В самом деле, во многих рассказах, романах, драмах и стихотворениях Тагора речь идет о путах косных традиций — общественных, семейных, религиозных и т. д. — и герои нередко освобождаются или, по крайней мере, пытаются освободиться от этих пут. Одно из наиболее ярких воплощений данной темы — символическая драма «Очолайотон» («Обитель неподвижности» или «Обитель консерватизма», 1912). Монастырь Очолайотон, обитатели которого опутаны множеством мелочных предписаний, смысл которых давно утерян, символизирует традиционное индусское общество. В конце пьесы стены монастыря рушатся, и его бывшие узники вместе с окрестными жителями решают начать новую, свободную жизнь.
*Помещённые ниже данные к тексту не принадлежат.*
lemma twisted_PG_relabel:
  assumes u: "u \<in> carrier PG" and v: "v \<in> carrier PG" and w: "w \<in> carrier PG"
  shows "twisted_sc PG \<alpha> u v w = tw opD \<gamma>D (relabel u) (relabel v) (relabel w)"
proof -
  have "u \<otimes>\<^bsub>PG\<^esub> v \<in> carrier PG" by (rule monoid.m_closed[OF group.is_monoid[OF PG_group] u v])
  hence "w = u \<otimes>\<^bsub>PG\<^esub> v \<longleftrightarrow> relabel w = relabel (u \<otimes>\<^bsub>PG\<^esub> v)"
    using relabel_bij w by (auto simp: bij_betw_def inj_on_def)
  thus ?thesis unfolding twisted_sc_def tw_def \<alpha>_def relabel_mult[OF u v] by simp
qed

definition transport :: "('g \<times> nat \<times> nat \<Rightarrow> 'a fls fls) \<Rightarrow> 'g \<times> int \<times> int \<Rightarrow> 'a fls fls" where
  "transport x = (\<lambda>w. if w \<in> carrier PG then x (relabel w) else 0)"

lemma transport_bij: "bij_betw transport (sc_carrier BD) (sc_carrier (carrier PG))"
proof (rule bij_betwI[where g = "\<lambda>y u. if u \<in> BD then y (inv_into (carrier PG) relabel u) else 0"])
  show "transport \<in> sc_carrier BD \<rightarrow> sc_carrier (carrier PG)"
    by (auto simp: transport_def sc_carrier_def)
  show "(\<lambda>y u. if u \<in> BD then y (inv_into (carrier PG) relabel u) else 0)
      \<in> sc_carrier (carrier PG) \<rightarrow> sc_carrier BD"
    by (auto simp: sc_carrier_def)
next
  fix x :: "'g \<times> nat \<times> nat \<Rightarrow> 'a fls fls" assume "x \<in> sc_carrier BD"
  thus "(\<lambda>u. if u \<in> BD then transport x (inv_into (carrier PG) relabel u) else 0) = x"
    using relabel_bij by (auto simp: transport_def sc_carrier_def fun_eq_iff bij_betw_inv_into_right
        inv_into_into bij_betw_def)
next
  fix y :: "'g \<times> int \<times> int \<Rightarrow> 'a fls fls" assume "y \<in> sc_carrier (carrier PG)"
  thus "transport (\<lambda>u. if u \<in> BD then y (inv_into (carrier PG) relabel u) else 0) = y"
    using relabel_bij relabel_in by (auto simp: transport_def sc_carrier_def fun_eq_iff
        bij_betw_inv_into_left)
qed

lemma transport_mult: "transport (MD x y) = sc_mult (carrier PG) (twisted_sc PG \<alpha>) (transport x) (transport y)"
proof
  fix m
  show "transport (MD x y) m = sc_mult (carrier PG) (twisted_sc PG \<alpha>) (transport x) (transport y) m"
  proof (cases "m \<in> carrier PG")
    case True
    have inv: "transport f (inv_into (carrier PG) relabel i) = f i" if "i \<in> BD" for f i
      using relabel_bij that by (simp add: transport_def bij_betw_inv_into_right inv_into_into bij_betw_def)
    have "sc_mult (carrier PG) (twisted_sc PG \<alpha>) (transport x) (transport y) m =
        MD (\<lambda>i. transport x (inv_into (carrier PG) relabel i))
           (\<lambda>i. transport y (inv_into (carrier PG) relabel i)) (relabel m)"
      by (rule sc_mult_reindex[where c = "tw opD \<gamma>D" and c' = "twisted_sc PG \<alpha>", symmetric,
            OF relabel_bij twisted_PG_relabel True])
    also have "\<dots> = MD x y (relabel m)" by (intro fun_cong[OF sc_mult_cong] inv)
    finally show ?thesis using True by (simp add: transport_def)
  qed (simp add: transport_def sc_mult_def)
qed

theorem D_iso_twisted_group_algebra: "sc_iso BD (tw opD \<gamma>D) (carrier PG) (twisted_sc PG \<alpha>)"
  unfolding sc_iso_def
  by (intro exI[of _ transport] conjI ballI allI transport_bij transport_mult)
     (auto simp: transport_def)

lemma \<alpha>_restricts_to_\<beta>: "\<alpha> (g, 0, 0) (h, 0, 0) = emb_KK (\<beta> g h)"
  by (simp add: \<alpha>_def relabel_def \<gamma>D_G0)

end

theorem mainTheorem7:
  fixes p r :: nat
    and G0 :: "('g, 'x) monoid_scheme"
    and \<zeta> :: "'a::field"
    and \<beta> :: "'g \<Rightarrow> 'g \<Rightarrow> 'a"
  assumes "prime p" and "r \<ge> 1"
    and "group G0" and "finite (carrier G0)"
    and "\<zeta> ^ (p ^ r) = 1" and "\<forall>m. 0 < m \<and> m < p ^ r \<longrightarrow> \<zeta> ^ m \<noteq> 1"
    and "cocycle2 G0 \<beta>"
    and "sc_central_division_algebra (carrier G0) (twisted_sc G0 \<beta>)"
  shows "sc_central_division_algebra (carrier G0 \<times> symbol_basis (p ^ r))
           (sc_tensor (sc_base_change emb_KK (twisted_sc G0 \<beta>))
                      (symbol_sc (p ^ r) (emb_KK \<zeta>) var_s var_t))
       \<and> (\<exists>\<alpha> :: ('g \<times> int \<times> int) \<Rightarrow> ('g \<times> int \<times> int) \<Rightarrow> 'a fls fls.
            cocycle2 (G0 \<times>\<times> (integer_mod_group (p ^ r) \<times>\<times> integer_mod_group (p ^ r))) \<alpha>
          \<and> sc_iso (carrier G0 \<times> symbol_basis (p ^ r))
                   (sc_tensor (sc_base_change emb_KK (twisted_sc G0 \<beta>))
                              (symbol_sc (p ^ r) (emb_KK \<zeta>) var_s var_t))
                   (carrier (G0 \<times>\<times> (integer_mod_group (p ^ r) \<times>\<times> integer_mod_group (p ^ r))))
                   (twisted_sc (G0 \<times>\<times> (integer_mod_group (p ^ r) \<times>\<times> integer_mod_group (p ^ r))) \<alpha>)
          \<and> (\<exists>\<mu> :: 'g \<Rightarrow> 'a fls fls. (\<forall>g\<in>carrier G0. \<mu> g \<noteq> 0) \<and>
               (\<forall>g\<in>carrier G0. \<forall>h\<in>carrier G0.
                  \<alpha> (g, 0, 0) (h, 0, 0)
                    = emb_KK (\<beta> g h) * \<mu> g * \<mu> h / \<mu> (g \<otimes>\<^bsub>G0\<^esub> h))))"
proof -
  have "2 \<le> p" using \<open>prime p\<close> by (simp add: prime_ge_2_nat)
  moreover have "p \<le> p ^ r" using \<open>r \<ge> 1\<close> \<open>2 \<le> p\<close> by (simp add: self_le_power)
  ultimately have "2 \<le> p ^ r" by linarith
  then interpret D: symbol_extension G0 "p ^ r" \<zeta> \<beta>
    using assms by (simp add: symbol_extension_def)
  have basis: "carrier G0 \<times> symbol_basis (p ^ r) = D.BD"
    by (simp add: D.BD_def symbol_basis_def)
  (* alpha restricts to beta on G0 itself, so the trivial coboundary mu = 1 works *)
  show ?thesis
    unfolding basis D.D_structure_constants
    using D.D_central_division D.\<alpha>_cocycle D.D_iso_twisted_group_algebra D.\<alpha>_restricts_to_\<beta>
    by (intro conjI exI[of _ D.\<alpha>] exI[of _ "\<lambda>_. 1"]) simp_all
qed

end
(* Let $d \geq 1$ and let $\mathbb{P}$ be a probability measure on $\Omega = \mathbb{R}^{\mathcal{E}^d}$ satisfying assumptions A1 and A2 below. For $x \in \mathbb{Z}^d$, let $C_x$ be the subgraph of the directed nearest neighbor graph $\mathcal{N}_D$ induced by the vertices $y$ such that $y \to x$ in $\mathcal{N}_D$. Then $\mathbb{P}$-almost surely, $C_x$ is finite for all $x \in \mathbb{Z}^d$.
   Context: $\mathcal{E}^d$ is the set of nearest-neighbor edges $\{x,y\}$ ($\|x-y\|_1=1$) of $\mathbb{Z}^d$. $\Omega=\mathbb{R}^{\mathcal{E}^d}$ carries the product Borel sigma-algebra; $\omega\in\Omega$ assigns a weight $\omega(e)$ to each edge. Assumption A1 (translation invariance): for every $z\in\mathbb{Z}^d$, $\mathbb{P}=\mathbb{P}\circ T_z^{-1}$, where $(T_z\omega)(e)=\omega(e+z)$ and $e+z=\{x+z,y+z\}$ for $e=\{x,y\}$. Assumption A2: for any distinct $e,f\in\mathcal{E}^d$, $\mathbb{P}(\omega(e)=\omega(f))=0$. The directed nearest neighbor graph $\mathcal{N}_D$ has vertex set $\mathbb{Z}^d$ and directed edges $\langle x,y\rangle$ for all $\{x,y\}\in\mathcal{E}^d$ with $\omega(\{x,y\})\le\omega(\{x,z\})$ for all $z$ with $\{x,z\}\in\mathcal{E}^d$ (each vertex points to the neighbor(s) minimizing the weight). For vertices $x,y$ of a directed graph, $x\to y$ means there is a directed path from $x$ to $y$; by convention $x\to x$. *)

theory Defs
  imports "HOL-Probability.Probability"
begin

text \<open>The lattice Z^d is int ^ 'd for a finite index type 'd (so d = CARD('d) >= 1).
  Edges of Z^d are unordered pairs {x,y} with L1 distance 1.\<close>

definition l1dist :: "int ^ 'd::finite \<Rightarrow> int ^ 'd \<Rightarrow> int" where
  "l1dist x y = (\<Sum>i\<in>UNIV. \<bar>x $ i - y $ i\<bar>)"

definition lattice_edges :: "(int ^ 'd::finite) set set" where
  "lattice_edges = {{x, y} | x y. l1dist x y = 1}"

definition Omega :: "((int ^ 'd::finite) set \<Rightarrow> real) measure" where
  "Omega = PiM lattice_edges (\<lambda>_. borel)"

definition shift :: "int ^ 'd::finite \<Rightarrow> ((int ^ 'd) set \<Rightarrow> real) \<Rightarrow> ((int ^ 'd) set \<Rightarrow> real)" where
  "shift z \<omega> = (\<lambda>e\<in>lattice_edges. \<omega> ((\<lambda>v. v + z) ` e))"

definition nnd_edge :: "((int ^ 'd::finite) set \<Rightarrow> real) \<Rightarrow> int ^ 'd \<Rightarrow> int ^ 'd \<Rightarrow> bool" where
  "nnd_edge \<omega> x y \<longleftrightarrow> {x, y} \<in> lattice_edges \<and>
     (\<forall>z. {x, z} \<in> lattice_edges \<longrightarrow> \<omega> {x, y} \<le> \<omega> {x, z})"

abbreviation reaches :: "((int ^ 'd::finite) set \<Rightarrow> real) \<Rightarrow> int ^ 'd \<Rightarrow> int ^ 'd \<Rightarrow> bool" where
  "reaches \<omega> \<equiv> (nnd_edge \<omega>)\<^sup>*\<^sup>*"

end

theory Submission
  imports Defs
begin

text \<open>Mass transport. Without ties every vertex b has a unique nearest neighbour b' and the
  weights of the edges met along a forward path are non-increasing, strictly so unless the path
  closes a 2-cycle. Give b the weight W(b) = arctan w{b,b'} - arctan w{b',b''} + [b'' = b] > 0
  and let every vertex a send the mass W(b) to each b it reaches. The arctan terms telescope
  along the forward path of a, and at most two vertices of that path lie on a 2-cycle, so a
  sends at most pi + 2. By translation invariance the expected mass received by x equals the
  expected mass sent by x. The mass received is W(x) |C_x|, hence C_x is almost surely finite.\<close>

lemma sum_eq_single:
  assumes "finite A" "a \<in> A" "\<And>x. x \<in> A \<Longrightarrow> x \<noteq> a \<Longrightarrow> f x = 0"
  shows "sum f A = f a"
  using sum.mono_neutral_right[of A "{a}" f] assms by auto

lemma funpow_period2_in_cycle: "f (f b) = b \<Longrightarrow> (f ^^ j) b \<in> {b, f b}"
  by (induction j) auto

lemma orbit_period2_points_subset:
  fixes f :: "'a \<Rightarrow> 'a"
  shows "\<exists>b0. {b \<in> range (\<lambda>k. (f ^^ k) a). f (f b) = b} \<subseteq> {b0, f b0}"
proof (cases "\<exists>i. f (f ((f ^^ i) a)) = (f ^^ i) a")
  case True
  then obtain i where cycle: "f (f ((f ^^ i) a)) = (f ^^ i) a" by blast
  have "(f ^^ j) a \<in> {(f ^^ i) a, f ((f ^^ i) a)}" if "f (f ((f ^^ j) a)) = (f ^^ j) a" for j
  proof (cases "i \<le> j")
    case True
    then have "(f ^^ j) a = (f ^^ (j - i)) ((f ^^ i) a)"
      by (metis funpow_add comp_apply le_add_diff_inverse2)
    then show ?thesis using funpow_period2_in_cycle[where f = f, OF cycle] by simp
  next
    case False
    then have "(f ^^ i) a = (f ^^ (i - j)) ((f ^^ j) a)"
      by (metis funpow_add comp_apply le_add_diff_inverse2 nat_le_linear)
    then show ?thesis using funpow_period2_in_cycle[where f = f and j = "i - j", OF that] that by auto
  qed
  then show ?thesis by blast
qed auto

lemma sum_orbit_decrements_le:
  fixes f :: "'a \<Rightarrow> 'a" and g :: "'a \<Rightarrow> real"
  assumes "finite B" "B \<subseteq> range (\<lambda>k. (f ^^ k) a)"
    and decr: "\<And>b. g (f b) \<le> g b" and bounded: "\<And>b. \<bar>g b\<bar> \<le> c"
  shows "(\<Sum>b\<in>B. g b - g (f b)) \<le> 2 * c"
proof -
  obtain K where "finite K" "B = (\<lambda>k. (f ^^ k) a) ` K"
    using assms(1,2) finite_subset_image by metis
  then obtain N where N: "B \<subseteq> (\<lambda>k. (f ^^ k) a) ` {..<N}"
    using finite_nat_bounded by (metis image_mono)
  have "(\<Sum>b\<in>B. g b - g (f b)) \<le> (\<Sum>b\<in>(\<lambda>k. (f ^^ k) a) ` {..<N}. g b - g (f b))"
    using N decr by (intro sum_mono2) auto
  also have "\<dots> \<le> (\<Sum>k<N. g ((f ^^ k) a) - g ((f ^^ Suc k) a))"
    using decr sum_image_le[of "{..<N}" "\<lambda>b. g b - g (f b)" "\<lambda>k. (f ^^ k) a"] by simp
  also have "\<dots> = g a - g ((f ^^ N) a)"
    by (subst sum_lessThan_telescope') simp
  also have "\<dots> \<le> 2 * c"
    using bounded[of a] bounded[of "(f ^^ N) a"] by (simp add: abs_le_iff)
  finally show ?thesis .
qed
Проблема свободы от косных традиций прошлого волновала Тагора до конца его дней (она актуальна в Индии и поныне). Но довольно рано в творчестве появилась тема иных, современных пут: политических, экономических или психологических. Так, в романе «Дом и мир» (1915–1916) героиню опутывает своей демагогией политикан-краснобай, однако дискредитация его человеческих качеств позволяет героине освободиться и от магии провозглашаемых им псевдоидеалов. В последнем своем романе «Четыре главы» (1934) Тагор разрабатывает сходную тему. Молодые люди, он и она, вовлечены в экстремистскую подпольную организацию. Разочаровавшись в ее методах, они тем не менее не в силах вырваться из ее пут — и освобождение достигается лишь ценой смерти. Тема символических пьес «Освобожденный поток» (1922) и «Красные олеандры» (1926) — рабство современного человека в политико-экономической системе индустриального государства. Один из аспектов идейной эволюции Тагора исследователи справедливо усматривают в том, что он с годами все отчетливее осознавал политические, экономические и социальные реальности мира.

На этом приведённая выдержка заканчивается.